What you are asked to do
Using the data below, show every line where the word "open" occurs.

------

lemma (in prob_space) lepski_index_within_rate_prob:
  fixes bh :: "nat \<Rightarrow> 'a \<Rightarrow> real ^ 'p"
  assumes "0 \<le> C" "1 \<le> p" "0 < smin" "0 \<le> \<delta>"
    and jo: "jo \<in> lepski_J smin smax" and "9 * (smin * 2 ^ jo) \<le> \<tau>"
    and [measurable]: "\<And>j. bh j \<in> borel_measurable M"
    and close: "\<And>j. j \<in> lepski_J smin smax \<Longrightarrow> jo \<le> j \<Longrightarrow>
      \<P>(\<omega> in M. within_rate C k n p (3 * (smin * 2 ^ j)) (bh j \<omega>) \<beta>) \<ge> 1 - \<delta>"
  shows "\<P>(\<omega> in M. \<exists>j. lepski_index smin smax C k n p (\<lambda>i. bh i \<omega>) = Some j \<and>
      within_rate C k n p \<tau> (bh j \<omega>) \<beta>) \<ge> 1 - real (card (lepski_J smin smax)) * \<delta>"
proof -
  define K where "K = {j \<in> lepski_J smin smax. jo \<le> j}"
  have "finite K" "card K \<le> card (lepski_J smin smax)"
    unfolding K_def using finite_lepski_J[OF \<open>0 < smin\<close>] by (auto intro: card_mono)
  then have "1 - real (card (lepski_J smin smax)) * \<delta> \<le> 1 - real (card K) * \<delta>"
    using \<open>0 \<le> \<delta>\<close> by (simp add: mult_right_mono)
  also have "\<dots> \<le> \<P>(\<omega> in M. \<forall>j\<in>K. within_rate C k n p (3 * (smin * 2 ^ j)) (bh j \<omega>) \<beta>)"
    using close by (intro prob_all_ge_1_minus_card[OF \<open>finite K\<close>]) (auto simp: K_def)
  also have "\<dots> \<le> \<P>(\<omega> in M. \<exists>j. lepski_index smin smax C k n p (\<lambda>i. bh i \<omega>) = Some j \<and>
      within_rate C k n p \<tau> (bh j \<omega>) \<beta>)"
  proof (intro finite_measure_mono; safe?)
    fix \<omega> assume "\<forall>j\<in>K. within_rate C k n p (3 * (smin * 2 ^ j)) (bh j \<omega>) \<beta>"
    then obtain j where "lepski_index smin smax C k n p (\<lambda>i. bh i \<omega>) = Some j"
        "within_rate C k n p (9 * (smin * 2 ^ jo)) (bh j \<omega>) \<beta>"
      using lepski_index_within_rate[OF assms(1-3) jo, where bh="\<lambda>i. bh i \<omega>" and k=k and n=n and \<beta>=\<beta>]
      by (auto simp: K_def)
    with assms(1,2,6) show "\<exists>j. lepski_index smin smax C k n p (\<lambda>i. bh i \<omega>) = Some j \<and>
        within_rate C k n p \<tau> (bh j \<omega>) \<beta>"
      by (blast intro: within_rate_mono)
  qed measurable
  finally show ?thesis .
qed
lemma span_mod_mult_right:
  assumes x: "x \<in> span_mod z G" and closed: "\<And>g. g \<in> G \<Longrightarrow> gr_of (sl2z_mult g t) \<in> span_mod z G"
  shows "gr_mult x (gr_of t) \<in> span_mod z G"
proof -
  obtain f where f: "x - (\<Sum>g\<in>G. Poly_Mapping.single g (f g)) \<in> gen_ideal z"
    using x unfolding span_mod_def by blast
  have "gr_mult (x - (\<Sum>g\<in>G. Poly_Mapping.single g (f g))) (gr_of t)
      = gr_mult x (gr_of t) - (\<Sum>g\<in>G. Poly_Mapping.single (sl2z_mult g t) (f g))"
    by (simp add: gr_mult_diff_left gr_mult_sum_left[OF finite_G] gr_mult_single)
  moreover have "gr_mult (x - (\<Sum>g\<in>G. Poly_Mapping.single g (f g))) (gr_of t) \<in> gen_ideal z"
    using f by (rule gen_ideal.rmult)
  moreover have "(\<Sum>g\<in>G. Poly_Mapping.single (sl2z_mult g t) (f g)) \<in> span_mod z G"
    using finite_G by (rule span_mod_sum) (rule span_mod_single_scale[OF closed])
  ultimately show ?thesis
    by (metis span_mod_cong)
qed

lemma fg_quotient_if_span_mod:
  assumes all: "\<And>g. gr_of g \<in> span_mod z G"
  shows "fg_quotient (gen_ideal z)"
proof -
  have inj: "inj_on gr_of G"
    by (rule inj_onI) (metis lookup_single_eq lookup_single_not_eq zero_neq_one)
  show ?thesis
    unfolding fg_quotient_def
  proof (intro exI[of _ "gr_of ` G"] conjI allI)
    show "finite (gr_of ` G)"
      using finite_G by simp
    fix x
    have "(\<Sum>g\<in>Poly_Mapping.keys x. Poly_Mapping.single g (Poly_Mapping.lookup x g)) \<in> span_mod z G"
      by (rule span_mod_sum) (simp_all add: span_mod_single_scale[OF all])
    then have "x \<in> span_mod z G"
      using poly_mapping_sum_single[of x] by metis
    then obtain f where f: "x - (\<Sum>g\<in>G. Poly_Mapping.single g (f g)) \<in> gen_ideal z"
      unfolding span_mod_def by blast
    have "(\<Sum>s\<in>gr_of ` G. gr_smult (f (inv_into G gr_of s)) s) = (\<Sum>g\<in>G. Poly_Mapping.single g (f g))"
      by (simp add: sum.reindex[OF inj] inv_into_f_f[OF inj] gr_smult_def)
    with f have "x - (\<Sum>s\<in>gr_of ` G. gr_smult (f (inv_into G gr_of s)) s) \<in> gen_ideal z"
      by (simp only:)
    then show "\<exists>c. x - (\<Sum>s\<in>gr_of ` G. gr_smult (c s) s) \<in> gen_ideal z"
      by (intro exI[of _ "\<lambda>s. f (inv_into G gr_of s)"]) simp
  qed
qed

------

Result of this exercise
    unfolding K_def using finite_lepski_J[OF \<open>0 < smin\<close>] by (auto intro: card_mono)
    using \<open>0 \<le> \<delta>\<close> by (simp add: mult_right_mono)
    using close by (intro prob_all_ge_1_minus_card[OF \<open>finite K\<close>]) (auto simp: K_def)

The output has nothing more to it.